### RECORDS:
┌──
lemma g_A_estimate:
  "nrm (g x - A x) \<le> (1 / v (of_int (2 * k^2 * (k^2 - 1)))) * lim (\<lambda>n. Max (Phi_term v k \<phi> x ` {..<n}))"
proof -
  define L where "L = lim (\<lambda>n. Max (Phi_term v k \<phi> x ` {..<n}))"
  have L_nonneg: "0 \<le> L"
    unfolding L_def by (rule lim_Max_Phi_term_nonneg)
  have "nrm (g x - A x) \<le> L / v kk"
  proof (rule le_of_le_max_tendsto)
    show "nrm (g x - A x) \<le> max (nrm (A_seq n x - A x)) (Max (Phi_term v k \<phi> x ` {..n}) / v kk)" for n
      using nrm_triangle_max[of "g x" "A x" "A_seq n x"] nrm_A_seq_diff_g_le[of n x]
        nrm_minus_commute[of "g x" "A_seq n x"] by linarith
    show "(\<lambda>n. Max (Phi_term v k \<phi> x ` {..n}) / v kk) \<longlonglongrightarrow> L / v kk"
      unfolding L_def
      by (intro tendsto_divide Max_Phi_term_tendsto tendsto_const dual_order.strict_implies_not_eq[OF val_kk_pos])
  qed (use A_seq_tendsto L_nonneg val_kk_pos in simp_all)
  also have "\<dots> \<le> L / v (2 * kk)"
  proof (rule divide_left_mono[OF _ L_nonneg])
    show "v (2 * kk) \<le> v kk"
      using val_2_le_1 val_nonneg[of 2] val_nonneg[of kk] by (simp only: val_mult mult_left_le_one_le)
    show "0 < v kk * v (2 * kk)"
      using val_kk_pos val_2_pos by (simp only: val_mult mult_pos_pos)
  qed
  also have "(2 * kk) = (of_int (2 * k^2 * (k^2 - 1)) :: 'k)"
    by (simp add: mult.assoc)
  finally show ?thesis
    by (simp add: L_def)
qed

lemma g_odd: "g (- x) = - g x"
  using f_odd by (simp add: g_def gmul_minus_right scale_right_diff_distrib[symmetric])

lemma A_odd: "A (- x) = - A x"
proof (rule tendsto_nrm_unique[OF A_seq_tendsto])
  have "nrm (A_seq n (- x) - - A x) = nrm (A_seq n x - A x)" for n
    using nrm_minus[of "A_seq n x - A x"] by (simp add: A_seq_def gmul_minus_right g_odd)
  then show "(\<lambda>n. nrm (A_seq n (- x) - - A x)) \<longlonglongrightarrow> 0"
    using A_seq_tendsto[of x] by simp
qed

lemma A_0: "A 0 = 0"
  using A_odd[of 0] double_eq_0_imp[of "A 0"] by (metis add.right_inverse minus_zero)

lemma A_double: "A (gmul 2 x) = smul 2 (A x)"
proof (rule tendsto_nrm_unique[OF A_seq_tendsto])
  have "A_seq n (gmul 2 x) = smul 2 (A_seq (Suc n) x)" for n
  proof -
    have "gmul (2 ^ n) (gmul 2 x) = gmul (2 ^ Suc n) x"
      by (simp add: gmul_mult[symmetric] mult.commute)
    moreover have "inverse ((2::'k) ^ n) = 2 * inverse (2 ^ Suc n)"
      using two_nonzero by (simp add: field_simps)
    ultimately show ?thesis
      by (simp add: A_seq_def)
  qed
  then have "nrm (A_seq n (gmul 2 x) - smul 2 (A x)) = v 2 * nrm (A_seq (Suc n) x - A x)" for n
    by (simp add: scale_right_diff_distrib[symmetric] nrm_scale)
  moreover have "(\<lambda>n. v 2 * nrm (A_seq (Suc n) x - A x)) \<longlonglongrightarrow> v 2 * 0"
    by (intro tendsto_mult tendsto_const LIMSEQ_Suc[OF A_seq_tendsto])
  ultimately show "(\<lambda>n. nrm (A_seq n (gmul 2 x) - smul 2 (A x))) \<longlonglongrightarrow> 0"
    by simp
qed

lemma Dop_g: "Dop smul k g p q = Dop smul k f (gmul 2 p) (gmul 2 q) - smul 8 (Dop smul k f p q)"
proof -
  have "g = (\<lambda>z. f (gmul 2 z) - smul 8 (f z))"
    by (simp add: g_def fun_eq_iff)
  then show ?thesis
    by (simp add: Dop_diff[symmetric] Dop_comp_gmul Dop_scale)
qed

lemma nrm_Dop_A_seq_le: "nrm (Dop smul k (A_seq n) p q) \<le> (1 / v ((2::'k) ^ n)) *
    max (\<phi> (gmul (2 ^ (n + 1)) p) (gmul (2 ^ (n + 1)) q)) (v (8::'k) * \<phi> (gmul (2 ^ n) p) (gmul (2 ^ n) q))"
proof -
  let ?p = "gmul (2 ^ n) p" and ?q = "gmul (2 ^ n) q"
  have "A_seq n = (\<lambda>z. smul (inverse ((2::'k) ^ n)) (g (gmul (2 ^ n) z)))"
    by (simp add: A_seq_def fun_eq_iff)
  then have eq: "nrm (Dop smul k (A_seq n) p q) = inverse (v (2 ^ n)) * nrm (Dop smul k g ?p ?q)"
    by (simp add: Dop_scale Dop_comp_gmul nrm_scale val_inverse)
  have pow: "gmul 2 (gmul (2 ^ n) z) = gmul (2 ^ (n + 1)) z" for z
    by (simp add: gmul_mult[symmetric])
  have "nrm (smul 8 (Dop smul k f ?p ?q)) \<le> v 8 * \<phi> ?p ?q"
    using f_approx val_nonneg by (simp add: nrm_scale mult_left_mono)
  then have "nrm (Dop smul k g ?p ?q) \<le> max (\<phi> (gmul 2 ?p) (gmul 2 ?q)) (v 8 * \<phi> ?p ?q)"
    unfolding Dop_g using f_approx by (intro nrm_diff_le) (auto intro: le_max_iff_disj[THEN iffD2])
  then show ?thesis
    unfolding eq pow[symmetric] inverse_eq_divide[symmetric] by (rule mult_left_mono) (simp add: val_nonneg)
qed

lemma Dop_A: "Dop smul k A p q = 0"
proof -
  have "nrm (Dop smul k A p q) \<le> 0"
  proof (rule le_of_le_max_tendsto)
    show "nrm (Dop smul k A p q) \<le> max (nrm (Dop smul k (A_seq n) p q - Dop smul k A p q)) (nrm (Dop smul k (A_seq n) p q))" for n
      using nrm_triangle_max[of "Dop smul k A p q" 0 "Dop smul k (A_seq n) p q"]
        nrm_minus_commute[of "Dop smul k A p q"] by simp
    show "(\<lambda>n. nrm (Dop smul k (A_seq n) p q - Dop smul k A p q)) \<longlonglongrightarrow> 0"
      by (rule tendsto_nrm_Dop[OF A_seq_tendsto])
    show "(\<lambda>n. nrm (Dop smul k (A_seq n) p q)) \<longlonglongrightarrow> 0"
      by (rule tendsto_sandwich[OF _ _ tendsto_const lim1[rule_format, of p q]])
        (simp add: nrm_nonneg, intro always_eventually allI nrm_Dop_A_seq_le)
  qed simp
  then show ?thesis
    using nrm_nonneg[of "Dop smul k A p q"] by simp
qed

(* 3 divides k^2 (k^2 - 1), so 3 is nonzero in K because k^2 (k^2 - 1) is. *)
lemma six_kk_nonzero: "(of_int (6 * k^2 * (k^2 - 1)) :: 'k) \<noteq> 0"
proof -
  have "(3::int) dvd (k - 1) * k * (k + 1)"
    by (induction k rule: int_induct[where k = 0]) (auto simp: algebra_simps dvd_add_right_iff)
  then obtain m where m: "(k - 1) * k * (k + 1) = 3 * m"
    by (auto simp: dvd_def)
  have "k^2 * (k^2 - 1) = 3 * (k * m)"
    using m by algebra
  then have "(3::'k) \<noteq> 0"
    using k_nonzero by (metis mult_zero_left of_int_mult of_int_numeral)
  moreover have "(of_int (6 * k^2 * (k^2 - 1)) :: 'k) = 2 * (3 * kk)"
    by (simp add: mult.assoc)
  ultimately show ?thesis
    using two_nonzero k_nonzero by (metis mult_eq_0_iff)
qed

lemma A_jensen: "A (x + y) + A (x - y) = smul 2 (A x)"
proof -
  have doubling: "A (kpoint k x y (a2, a2', b2, b2')) - smul 2 (A (kpoint k x y (a, a', b, b'))) = 0"
    if "a2 = 2 * a" "a2' = 2 * a'" "b2 = 2 * b" "b2' = 2 * b'" for a a' b b' a2 a2' b2 b2'
  proof -
    have "kpoint k x y (a2, a2', b2, b2') = gmul 2 (kpoint k x y (a, a', b, b'))"
      using that by (simp add: kpoint_def gmul_add_right gmul_mult[symmetric] algebra_simps)
    then show ?thesis
      by (simp add: A_double)
  qed
  have pts: "kpoint k x y (1, 0, 1, 0) = x + y" "kpoint k x y (1, 0, -1, 0) = x - y" "kpoint k x y (1, 0, 0, 0) = x"
    by (simp_all add: kpoint_def gmul_minus)
  have "smul (of_int (6 * k^2 * (k^2 - 1)))
      (A (kpoint k x y (1, 0, 1, 0)) + A (kpoint k x y (1, 0, -1, 0)) - smul 2 (A (kpoint k x y (1, 0, 0, 0)))) = 0"
    using Dop_identity_jensen[where A = A and k = k and x = x and y = y, OF A_odd A_0]
    by (simp add: Dop_A doubling)
  then show ?thesis
    using six_kk_nonzero unfolding pts by simp
qed

lemma additive_A: "additive_map A"
  unfolding additive_map_def
proof (intro allI)
  fix x y
  have "A (y - x) = - A (x - y)"
    using A_odd[of "x - y"] by simp
  then have "(A (x + y) - A x - A y) + (A (x + y) - A x - A y) = 0"
    using A_jensen[of x y] A_jensen[of y x] by (simp add: algebra_simps scale_two)
  then have "A (x + y) - A x - A y = 0"
    by (rule double_eq_0_imp)
  then show "A (x + y) = A x + A y"
    by (simp only: eq_iff_diff_eq_0[of "A (x + y)"] diff_diff_eq)
qed

(* For i = 0 the truncated exponent i - 1 = 0 gives Phi(2^n x) rather than Phi(2^(n-1) x);
   it is still dominated by the term n + 1 for x because |2| <= 1. *)
lemma Phi_term_gmul_pow2_le:
  "Phi_term v k \<phi> (gmul (2 ^ n) x) i \<le> v ((2::'k) ^ n) * Phi_term v k \<phi> x (if i = 0 then n + 1 else i + n)"
proof (cases i)
  case 0
  have "Phi v k \<phi> (gmul (2 ^ n) x) \<le> Phi v k \<phi> (gmul (2 ^ n) x) / v 2"
    using Phi_nonneg[of "gmul (2 ^ n) x"] val_2_pos val_2_le_1
    by (simp add: le_divide_eq mult_right_le_one_le)
  also have "\<dots> = v ((2::'k) ^ n) * Phi_term v k \<phi> x (n + 1)"
    using val_pow2_pos[of n] by (simp add: Phi_term_def val_mult field_simps)
  finally show ?thesis
    using 0 by (simp add: Phi_term_def)
next
  case (Suc j)
  have "gmul (2 ^ j) (gmul (2 ^ n) x) = gmul (2 ^ (j + n)) x"
    by (simp add: gmul_mult[symmetric] power_add)
  then show ?thesis
    using val_pow2_pos[of n] val_pow2_pos[of i] Suc two_nonzero
    by (simp add: Phi_term_def val_mult power_add field_simps)
qed

lemma lim_Max_Phi_term_gmul_pow2_le:
  "lim (\<lambda>m. Max (Phi_term v k \<phi> (gmul (2 ^ n) x) ` {..<m}))
     \<le> v ((2::'k) ^ n) * lim (\<lambda>m. Max (Phi_term v k \<phi> x ` {n..<m + n}))"
proof (rule LIMSEQ_le)
  show "(\<lambda>m. Max (Phi_term v k \<phi> (gmul (2 ^ n) x) ` {..<m}))
      \<longlonglongrightarrow> lim (\<lambda>m. Max (Phi_term v k \<phi> (gmul (2 ^ n) x) ` {..<m}))"
    using conv by (simp add: convergent_LIMSEQ_iff)
  show "(\<lambda>m. v ((2::'k) ^ n) * Max (Phi_term v k \<phi> x ` {n..<m + n}))
      \<longlonglongrightarrow> v ((2::'k) ^ n) * lim (\<lambda>m. Max (Phi_term v k \<phi> x ` {n..<m + n}))"
    using convergent_Max_window[OF conv[rule_format, of x], of n]
    by (intro tendsto_mult tendsto_const) (simp add: convergent_LIMSEQ_iff)
  show "\<exists>N. \<forall>m\<ge>N. Max (Phi_term v k \<phi> (gmul (2 ^ n) x) ` {..<m})
      \<le> v ((2::'k) ^ n) * Max (Phi_term v k \<phi> x ` {n..<m + n})"
  proof (intro exI allI impI)
    fix m :: nat
    assume m: "2 \<le> m"
    have "finite (Phi_term v k \<phi> (gmul (2 ^ n) x) ` {..<m})" "Phi_term v k \<phi> (gmul (2 ^ n) x) ` {..<m} \<noteq> {}"
      using m by (auto simp: lessThan_empty_iff)
    then show "Max (Phi_term v k \<phi> (gmul (2 ^ n) x) ` {..<m}) \<le> v ((2::'k) ^ n) * Max (Phi_term v k \<phi> x ` {n..<m + n})"
    proof (rule Max_le_iff[THEN iffD2], intro ballI)
      fix t
      assume "t \<in> Phi_term v k \<phi> (gmul (2 ^ n) x) ` {..<m}"
      then obtain i where i: "i < m" "t = Phi_term v k \<phi> (gmul (2 ^ n) x) i"
        by auto
      let ?j = "if i = 0 then n + 1 else i + n"
      have "Phi_term v k \<phi> x ?j \<le> Max (Phi_term v k \<phi> x ` {n..<m + n})"
        using i m by (intro Max_ge) auto
      then have "v (2 ^ n) * Phi_term v k \<phi> x ?j \<le> v (2 ^ n) * Max (Phi_term v k \<phi> x ` {n..<m + n})"
        by (rule mult_left_mono) (rule val_nonneg)
      then show "t \<le> v ((2::'k) ^ n) * Max (Phi_term v k \<phi> x ` {n..<m + n})"
        using i Phi_term_gmul_pow2_le[of n x i] by linarith
    qed
  qed
qed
└──
### WHAT YOU WILL DO:
How many lines in the entries include the string "dots"? Answer with the number alone.

### EXERCISE RESULT:
2